30

De camino hacia la casa de Simgam decidí atravesar el Gran Bazar. Ya tenía en mente desde que llegué a Estambul la idea de comprarme un buen laúd. Así que di vueltas por los callejones encantado por retornar a aquel lugar que tantos recuerdos me proporcionaba. Todo allí seguía igual: los establecimientos abarrotados de objetos, el ir y venir de las personas, el colorido, los aromas de los perfumes y esencias, el olor de los tejidos, de los cueros, de las medicinas, de las apetitosas comidas… Absorto por el espectáculo que se desplegaba ante mis ojos, mis pies me llevaron hasta el barrio de los instrumentos de música, donde tampoco había variado nada.

—¡Oh, cuánto tiempo! —gritó alguien entre el gentío.

Me volví y vi venir hacia mí al hombre que esperaba encontrar allí: a Gamali, un viejo amigo, músico y poeta, de quien se decía que podía hacer los mejores instrumentos de Estambul. Fue jenízaro en su juventud y aprendió en el sancak de Kastamonu a fabricar el laúd turco de largo mástil, llamado saz, cuando perdió una pierna en la guerra y se vio obligado a dejar las armas. Cuando le conocí, hacía siete años, regentaba media decena de tiendas en el Gran Bazar, dos de ellas de instrumentos musicales y las demás de miniaturas, poemas en vitela, marionetas y figuras para el teatro de sombras.

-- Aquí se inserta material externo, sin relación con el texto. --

lemma LM_minor:
  assumes "R \<subseteq> {..<dim_row A}" "C \<subseteq> {..<dim_col A}" "card R = k" "card C = k"
  shows "LM ord (det (submatrix (map_mat Var A) R C) :: 'a::comm_ring_1 mpoly) =
    mon_of_set ((\<lambda>i. A $$ (pick R i, pick C i)) ` {..<k})"
  unfolding submatrix_map_mat_eq[OF assms]
  by (rule decreasing_square.LM_det[OF decreasing_square_minor[OF assms]])

lemma pos_chain_minor:
  assumes S: "S \<subseteq> positions A" "strict_chain pos_less S" "card S = k"
  shows "det (submatrix (map_mat Var A) (fst ` S) (snd ` S)) \<in> (minors k A :: 'a::comm_ring_1 mpoly set)"
    and "LM ord (det (submatrix (map_mat Var A) (fst ` S) (snd ` S)) :: 'a mpoly) =
      mon_of_set ((\<lambda>p. A $$ p) ` S)"
proof -
  have "finite S"
    using S(1) finite_subset by (auto simp: positions_def)
  note pick_S = strict_chain_eq_pick_image[OF this S(2)]
  have R: "fst ` S \<subseteq> {..<dim_row A}" and C: "snd ` S \<subseteq> {..<dim_col A}"
    using S(1) by (auto simp: positions_def)
  show "det (submatrix (map_mat Var A) (fst ` S) (snd ` S)) \<in> (minors k A :: 'a mpoly set)"
    unfolding minors_def using R C pick_S(1,2) S(3) by auto
  have "LM ord (det (submatrix (map_mat Var A) (fst ` S) (snd ` S)) :: 'a mpoly) =
      mon_of_set ((\<lambda>i. A $$ (pick (fst ` S) i, pick (snd ` S) i)) ` {..<k})"
    using LM_minor[OF R C] pick_S(1,2) S(3) by simp
  also have "\<dots> = mon_of_set ((\<lambda>p. A $$ p) ` S)"
    using arg_cong[OF pick_S(3), of "image (\<lambda>p. A $$ p)"] S(3) unfolding image_image by simp
  finally show "LM ord (det (submatrix (map_mat Var A) (fst ` S) (snd ` S)) :: 'a mpoly) =
      mon_of_set ((\<lambda>p. A $$ p) ` S)" .
qed
(* In a graph of diameter two, an inner vertex of a geodesic is adjacent to its first vertex,
   so a geodesic from a third vertex never passes through a nonadjacent pair: every strong
   resolving set contains one vertex of each nonadjacent pair, and Breaker wins as soon as he
   owns both ends of one. If g, g' are nonadjacent in G and h, h' adjacent in H, then
   (g,h), (g',h), (g,h'), (g',h') form a 4-cycle of nonadjacent pairs in the modular product.
   Moving first, Breaker takes a vertex of the cycle and then whichever of its two cycle
   neighbours Maker leaves free; moving second, he finds such a free fork (a path of length two)
   on the cycle after Maker's first move. *)

lemma forces_if_goal_on_completions:
  assumes "finite X" and "P \<union> Q \<subseteq> X"
    and "\<And>P' Q'. P \<subseteq> P' \<Longrightarrow> Q' \<inter> P \<subseteq> Q \<Longrightarrow> P' \<union> Q' = X \<Longrightarrow> goal P' Q'"
  shows "forces X goal t P Q"
  using assms(2,3)
proof (induction "card (X - (P \<union> Q))" arbitrary: P Q t)
  case 0
  then have "P \<union> Q = X" using \<open>finite X\<close> by auto
  then show ?case using 0 by (auto intro: forces.finished)
next
  case (Suc n)
  have claim_own: "forces X goal t' (insert v P) Q" and claim_opp: "forces X goal t' P (insert v Q)"
    if v: "v \<in> X - (P \<union> Q)" for v t'
  proof -
    have card: "card (X - insert v (P \<union> Q)) = n"
      using Suc.hyps(2) v \<open>finite X\<close> by (simp add: Diff_insert[symmetric])
    show "forces X goal t' (insert v P) Q"
    proof (rule Suc.hyps(1))
      show "\<And>P' Q'. insert v P \<subseteq> P' \<Longrightarrow> Q' \<inter> insert v P \<subseteq> Q \<Longrightarrow> P' \<union> Q' = X \<Longrightarrow> goal P' Q'"
        using Suc.prems(2) by blast
    qed (use card Suc.prems v in auto)
    show "forces X goal t' P (insert v Q)"
    proof (rule Suc.hyps(1))
      show "\<And>P' Q'. P \<subseteq> P' \<Longrightarrow> Q' \<inter> P \<subseteq> insert v Q \<Longrightarrow> P' \<union> Q' = X \<Longrightarrow> goal P' Q'"
        using Suc.prems(2) v by blast
    qed (use card Suc.prems v in auto)
  qed
  have "X - (P \<union> Q) \<noteq> {}" using Suc.hyps(2) by (metis card.empty nat.distinct(1))
  then obtain v where v: "v \<in> X - (P \<union> Q)" by blast
  show ?case
  proof (cases t)
    case True
    then show ?thesis using v claim_own by (auto intro: forces.own_move)
  next
    case False
    then show ?thesis using v claim_opp by (auto intro!: forces.opp_move)
  qed
qed

definition claiming_pair_wins ::
  "'a set \<Rightarrow> ('a set \<Rightarrow> 'a set \<Rightarrow> bool) \<Rightarrow> ('a \<Rightarrow> 'a \<Rightarrow> bool) \<Rightarrow> bool" where
  "claiming_pair_wins X goal R \<longleftrightarrow>
     (\<forall>P Q x y. R x y \<longrightarrow> x \<in> P - Q \<longrightarrow> y \<in> P - Q \<longrightarrow> P \<union> Q = X \<longrightarrow> goal P Q)"

lemma forces_if_pair_claimed:
  assumes "finite X" and "P \<union> Q \<subseteq> X" and "claiming_pair_wins X goal R"
    and "R x y" and "x \<in> P - Q" and "y \<in> P - Q"
  shows "forces X goal t P Q"
  using assms(1,2)
proof (rule forces_if_goal_on_completions)
  fix P' Q' assume "P \<subseteq> P'" "Q' \<inter> P \<subseteq> Q" "P' \<union> Q' = X"
  with assms(3-6) show "goal P' Q'" unfolding claiming_pair_wins_def by blast
qed

lemma forces_first_player_fork:
  assumes "finite X" and "P \<union> Q \<subseteq> X" and "claiming_pair_wins X goal R"
    and "R a b" and "R a d" and "distinct [a, b, d]" and "{a, b, d} \<subseteq> X - (P \<union> Q)"
  shows "forces X goal True P Q"
proof (rule forces.own_move)
  show "a \<in> X - (P \<union> Q)" using assms(7) by simp
  show "forces X goal False (insert a P) Q"
  proof (rule forces.opp_move)
    show "insert a P \<union> Q \<noteq> X" using assms(6,7) by auto
    show "\<forall>v \<in> X - (insert a P \<union> Q). forces X goal True (insert a P) (insert v Q)"
    proof
      fix v assume v: "v \<in> X - (insert a P \<union> Q)"
      obtain w where w: "R a w" "w \<noteq> a" "w \<noteq> v" "w \<in> X - (P \<union> Q)"
      proof (cases "v = b")
        case True
        then show ?thesis using that[of d] assms(5-7) by auto
      next
        case False
        then show ?thesis using that[of b] assms(4,6,7) by auto
      qed
      have "forces X goal False (insert w (insert a P)) (insert v Q)"
        by (rule forces_if_pair_claimed[OF assms(1) _ assms(3) w(1)]) (use assms(2,7) v w in auto)
      then show "forces X goal True (insert a P) (insert v Q)"
        using v w by (intro forces.own_move[of w]) auto
    qed
  qed
qed

lemma forces_second_player_4cycle:
  assumes "finite X" and "P \<union> Q \<subseteq> X" and "claiming_pair_wins X goal R" and "symp R"
    and "R a b" and "R b c" and "R c d" and "R d a"
    and "distinct [a, b, c, d]" and "{a, b, c, d} \<subseteq> X - (P \<union> Q)"
  shows "forces X goal False P Q"
proof (rule forces.opp_move)
  show "P \<union> Q \<noteq> X" using assms(10) by auto
  have R': "R b a" "R c b" "R d c" "R a d" using assms(4-8) by (auto dest: sympD)
  show "\<forall>v \<in> X - (P \<union> Q). forces X goal True P (insert v Q)"
  proof
    fix v assume v: "v \<in> X - (P \<union> Q)"
    have fork: "forces X goal True P (insert v Q)"
      if "R y x" "R y z" "distinct [y, x, z]" "v \<notin> {x, y, z}" "{x, y, z} \<subseteq> {a, b, c, d}" for y x z
      by (rule forces_first_player_fork[of X _ _ goal R y x z]) (use assms(1-3,10) v that in auto)
    consider "v = a" | "v = b" | "v = d" | "v \<notin> {a, b, d}" by blast
    then show "forces X goal True P (insert v Q)"
    proof cases
      case 1
      then show ?thesis using fork[of c b d] assms(7,9) R' by auto
    next
      case 2
      then show ?thesis using fork[of d c a] assms(8,9) R' by auto
    next
      case 3
      then show ?thesis using fork[of b a c] assms(6,9) R' by auto
    next
      case 4
      then show ?thesis using fork[of a b d] assms(5,9) R' by auto
    qed
  qed
qed

definition nonadjacent :: "'a set \<Rightarrow> ('a \<Rightarrow> 'a \<Rightarrow> bool) \<Rightarrow> 'a \<Rightarrow> 'a \<Rightarrow> bool" where
  "nonadjacent V E x y \<longleftrightarrow> x \<in> V \<and> y \<in> V \<and> x \<noteq> y \<and> \<not> E x y \<and> \<not> E y x"

lemma symp_nonadjacent: "symp (nonadjacent V E)"
  by (auto simp: nonadjacent_def intro: sympI)

lemma gdist_le_gdiam: "u \<in> V \<Longrightarrow> w \<in> V \<Longrightarrow> gdist V E u w \<le> gdiam V E"
  unfolding gdiam_def by (rule SUP_upper2, assumption, rule SUP_upper)

lemma on_short_geodesic_imp_adjacent:
  assumes "on_geodesic V E x y z" and "gdist V E y z \<le> 2" and "x \<noteq> y" and "x \<noteq> z"
  shows "E y x"
proof -
  obtain p where p: "geodesic V E y z p" and "x \<in> set p"
    using assms(1) unfolding on_geodesic_def by blast
  then obtain i where i: "i < length p" "p ! i = x" by (metis in_set_conv_nth)
  from p have walk: "gwalk V E p" and ends: "p ! 0 = y" "p ! (length p - 1) = z"
    and len: "enat (length p - 1) = gdist V E y z"
    unfolding geodesic_def gwalk_def by (auto simp: hd_conv_nth last_conv_nth)
  have "length p - 1 \<le> 2" using len assms(2) by (metis enat_ord_simps(1) numeral_eq_enat)
  moreover have "i \<noteq> 0" "i \<noteq> length p - 1" using i(2) ends assms(3,4) by metis+
  ultimately have "i = 1" "Suc 0 < length p" using i(1) by linarith+
  then show "E y x" using walk ends(1) i(2) unfolding gwalk_def by auto
qed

—¡Gamali, amigo mío! —exclamé—. He venido a buscarte.

—Pero… ¿se puede saber dónde te has metido durante todo este tiempo? —me preguntó, sin salir aún de su asombro.

—Es largo de contar. Vamos a tomar el té y te lo explicaré.

Inventé una historia de viajes y buena fortuna. Le dije que ahora era un hombre completamente libre y que me dedicaba a los negocios. Él se creyó mi relato a pie juntillas. En Estambul variaban tanto las vidas en aquellos tiempos locos que nadie podía extrañarse por un cambio así.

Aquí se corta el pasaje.